Il MAXXI, che ha aperto in pompa magna a Roma, nella sua concezione, è appunto uno di questi luoghi. È un museo impegnativo sotto ogni profilo: quello dei costi innnazitutto (150milioni per realizzarlo, tanti soldi per gestirlo); impegnativo sotto il profilo architettonico: è stato affidato infatti all’architetto più ammirato di questo inizio di millennio, Zaha Hadid, che ha realizzato una struttura certamente di grande fascino ma che chiede una programmazione complicata e ambiziosa. Per di più, come è successo per il celebre Guggenheim di Bilbao è un contenitore che tende a mangiarsi il contenuto. Difficile concepire una mostra che non naufraghi in quegli spazi imprendibili e spaesanti concepiti dall’architetta irachena naturalizzata londinese.

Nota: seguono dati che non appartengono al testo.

lemma g_fun_eq:
  assumes "n \<ge> 1" "0 < x" "x < 1"
  shows "g_fun n k x = sin (pi * x) * (- pi * sin (pi * x)) ^ (n - 1)
           * poly ((pderiv ^^ (n - 1)) (chebyshev_U (n + k - 1))) (cos (pi * x))"
proof -
  define c where "c = cos (pi * x)"
  define d where "d i = sin (pi * x) * (- pi * sin (pi * x)) ^ i" for i
  define e where "e i = poly ((pderiv ^^ i) (chebyshev_U i)) c" for i
  define p where "p j = (if j < n - 1 then chebyshev_U j else chebyshev_U (n + k - 1))" for j
  have n: "n = Suc (n - 1)"
    using assms by simp
  have fam: "(if j < n - 1 then sin_fam j else (\<lambda>x. sin (real (n + k) * pi * x)))
      = (\<lambda>x. sin (pi * x) * poly (p j) (cos (pi * x)))" for j
    using sin_fam_eq sin_Suc_mult_pi_eq_chebyshev_U[of "n + k - 1"] assms by (simp add: p_def)
  have "wronskian n (\<lambda>j. if j < n - 1 then sin_fam j else (\<lambda>x. sin (real (n + k) * pi * x))) x
      = (\<Prod>i<n. d i) * (\<Prod>i<n. poly ((pderiv ^^ i) (p i)) c)"
    by (subst wronskian_sin_mult_poly_cos[where p = p, OF fam], subst det_higher_pderiv_mat)
      (simp_all add: d_def c_def p_def degree_chebyshev_U)
  also have "\<dots> = ((\<Prod>i<n - 1. d i) * (\<Prod>i<n - 1. e i))
      * (d (n - 1) * poly ((pderiv ^^ (n - 1)) (chebyshev_U (n + k - 1))) c)"
    by (subst (1 2) n) (simp add: prod.lessThan_Suc p_def e_def)
  finally have "wronskian n (\<lambda>j. if j < n - 1 then sin_fam j else (\<lambda>x. sin (real (n + k) * pi * x))) x
      = ((\<Prod>i<n - 1. d i) * (\<Prod>i<n - 1. e i))
      * (d (n - 1) * poly ((pderiv ^^ (n - 1)) (chebyshev_U (n + k - 1))) c)" .
  moreover have "wronskian (n - 1) sin_fam x = (\<Prod>i<n - 1. d i) * (\<Prod>i<n - 1. e i)"
    by (subst wronskian_sin_mult_poly_cos[OF sin_fam_eq], subst det_higher_pderiv_mat)
      (simp_all add: d_def e_def c_def degree_chebyshev_U)
  moreover have "(\<Prod>i<n - 1. d i) \<noteq> 0"
    using assms sin_gt_zero[of "pi * x"] by (simp add: d_def)
  moreover have "(\<Prod>i<n - 1. e i) \<noteq> 0"
    using higher_pderiv_degree[of "chebyshev_U i" for i]
    by (simp add: e_def degree_chebyshev_U coeff_chebyshev_U)
  ultimately show ?thesis
    unfolding g_fun_def by (simp add: d_def c_def)
qed

lemma has_integral_real_derivative:
  fixes F :: "real \<Rightarrow> real"
  assumes "a \<le> b" "\<And>x. (F has_real_derivative f x) (at x)"
  shows "(f has_integral F b - F a) {a..b}"
  using assms by (intro fundamental_theorem_of_calculus)
    (auto simp flip: has_real_derivative_iff_has_vector_derivative intro: has_field_derivative_at_within)

definition chebyshev_U_integrand :: "nat \<Rightarrow> nat \<Rightarrow> real \<Rightarrow> real" where
  "chebyshev_U_integrand j s x =
     sin (pi * x) ^ (2 * s + 2) * (poly ((pderiv ^^ s) (chebyshev_U j)) (cos (pi * x)))\<^sup>2"

(* The primitive on the left vanishes at 0 and 1: this is the integration by parts behind the
   recurrence for the integrals. *)
lemma chebyshev_U_integrand_reduction:
  "((\<lambda>x. sin (pi * x) ^ (2 * s + 3) * poly ((pderiv ^^ Suc s) (chebyshev_U j)) (cos (pi * x))
          * poly ((pderiv ^^ s) (chebyshev_U j)) (cos (pi * x)) / pi)
    has_real_derivative
      ((real (Suc j))\<^sup>2 - (real (Suc s))\<^sup>2) * chebyshev_U_integrand j s x
      - chebyshev_U_integrand j (Suc s) x) (at x)"
proof -
  define S where "S = sin (pi * x)"
  define c where "c = cos (pi * x)"
  define P where "P = S ^ (2 * s + 2)"
  define D where "D = (real (Suc j))\<^sup>2 - (real (Suc s))\<^sup>2"
  define q0 where "q0 = poly ((pderiv ^^ s) (chebyshev_U j)) c"
  define q1 where "q1 = poly (pderiv ((pderiv ^^ s) (chebyshev_U j))) c"
  define q2 where "q2 = poly (pderiv (pderiv ((pderiv ^^ s) (chebyshev_U j)))) c"
  have "(1 - c\<^sup>2) * q2 - real (2 * s + 3) * c * q1 + D * q0 = 0"
    using arg_cong[OF chebyshev_U_higher_ode[of s j], of "\<lambda>p. poly p c"]
    by (simp add: D_def q0_def q1_def q2_def power2_eq_square algebra_simps)
  then have ode: "S\<^sup>2 * q2 = real (2 * s + 3) * c * q1 - D * q0"
    by (simp add: S_def c_def sin_squared_eq algebra_simps)
  have "((\<lambda>x. sin (pi * x) ^ (2 * s + 3) * poly ((pderiv ^^ Suc s) (chebyshev_U j)) (cos (pi * x))
          * poly ((pderiv ^^ s) (chebyshev_U j)) (cos (pi * x)) / pi)
      has_real_derivative real (2 * s + 3) * c * P * q1 * q0 - P * S\<^sup>2 * (q2 * q0 + q1\<^sup>2)) (at x)"
    apply (rule derivative_eq_intros refl DERIV_chain2[OF poly_DERIV])+
    using pi_gt_zero
    by (simp_all add: S_def c_def P_def q0_def q1_def q2_def power_add eval_nat_numeral field_simps)
  also have "real (2 * s + 3) * c * P * q1 * q0 - P * S\<^sup>2 * (q2 * q0 + q1\<^sup>2)
      = D * P * q0\<^sup>2 - P * S\<^sup>2 * q1\<^sup>2 + P * q0 * (real (2 * s + 3) * c * q1 - D * q0 - S\<^sup>2 * q2)"
    by (simp add: power2_eq_square algebra_simps)
  also have "\<dots> = D * P * q0\<^sup>2 - P * S\<^sup>2 * q1\<^sup>2"
    by (simp add: ode)
  also have "\<dots> = D * chebyshev_U_integrand j s x - chebyshev_U_integrand j (Suc s) x"
    by (simp add: chebyshev_U_integrand_def S_def c_def P_def q0_def q1_def power_add power2_eq_square mult_ac)
  finally show ?thesis
    unfolding D_def .
qed

lemma has_integral_sin_sq:
  assumes "N \<noteq> 0"
  shows "((\<lambda>x. (sin (real N * pi * x))\<^sup>2) has_integral 1/2) {0..1}"
proof -
  define F where "F x = x / 2 - sin (2 * real N * pi * x) / (4 * real N * pi)" for x
  have deriv: "(F has_real_derivative (sin (real N * pi * x))\<^sup>2) (at x)" for x
  proof -
    have "(F has_real_derivative 1/2 - cos (2 * real N * pi * x) * (2 * real N * pi) / (4 * real N * pi)) (at x)"
      unfolding F_def by (auto intro!: derivative_eq_intros)
    moreover have "cos (2 * real N * pi * x) = 1 - 2 * (sin (real N * pi * x))\<^sup>2"
      using cos_double_sin[of "real N * pi * x"] by (simp add: mult.assoc)
    then have "1/2 - cos (2 * real N * pi * x) * (2 * real N * pi) / (4 * real N * pi)
        = (sin (real N * pi * x))\<^sup>2"
      using assms by (simp add: field_simps)
    ultimately show ?thesis
      by simp
  qed
  have "F 1 - F 0 = 1/2"
    using sin_npi[of "2 * N"] by (simp add: F_def mult.assoc)
  with has_integral_real_derivative[of 0 1, OF _ deriv] show ?thesis
    by simp
qed

lemma has_integral_chebyshev_U_integrand:
  "(chebyshev_U_integrand j s has_integral 1/2 * (\<Prod>i=1..s. (real (Suc j))\<^sup>2 - (real i)\<^sup>2)) {0..1}"
proof (induction s)
  case 0
  have "chebyshev_U_integrand j 0 = (\<lambda>x. (sin (real (Suc j) * pi * x))\<^sup>2)"
    using sin_Suc_mult_eq_chebyshev_U[of j]
    by (simp add: fun_eq_iff chebyshev_U_integrand_def power_mult_distrib power2_eq_square mult.assoc
        del: of_nat_Suc)
  then show ?case
    using has_integral_sin_sq[of "Suc j"] by simp
next
  case (Suc s)
  let ?D = "(real (Suc j))\<^sup>2 - (real (Suc s))\<^sup>2"
  have "((\<lambda>x. ?D * chebyshev_U_integrand j s x - chebyshev_U_integrand j (Suc s) x) has_integral 0) {0..1}"
    using has_integral_real_derivative[of 0 1, OF _ chebyshev_U_integrand_reduction]
    by (simp add: power_0_left)
  from has_integral_diff[OF has_integral_mult_right[OF Suc.IH, of ?D] this]
  show ?case
    by (simp add: prod.nat_ivl_Suc' mult_ac)
qed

Per questo la domanda di fondo da porsi è una sola: ma Roma aveva proprio bisogno di un museo così? La risposta ovviamente per me è “no”. Primo, perché Roma è una città che si misura sui millenni e non si capisce in base a quale insulso calcolo dovrebbe consumarsi sulle frontiere incerte del contemporaneo. Secondo, perché non essendo una fucina del contemporaneo, Roma si riduce a fare la retorica del contemporaneo. E le paginate piene di punti esclamativi di questi giorni confermano questa sensazione. Si prende tutto a scatola chiusa.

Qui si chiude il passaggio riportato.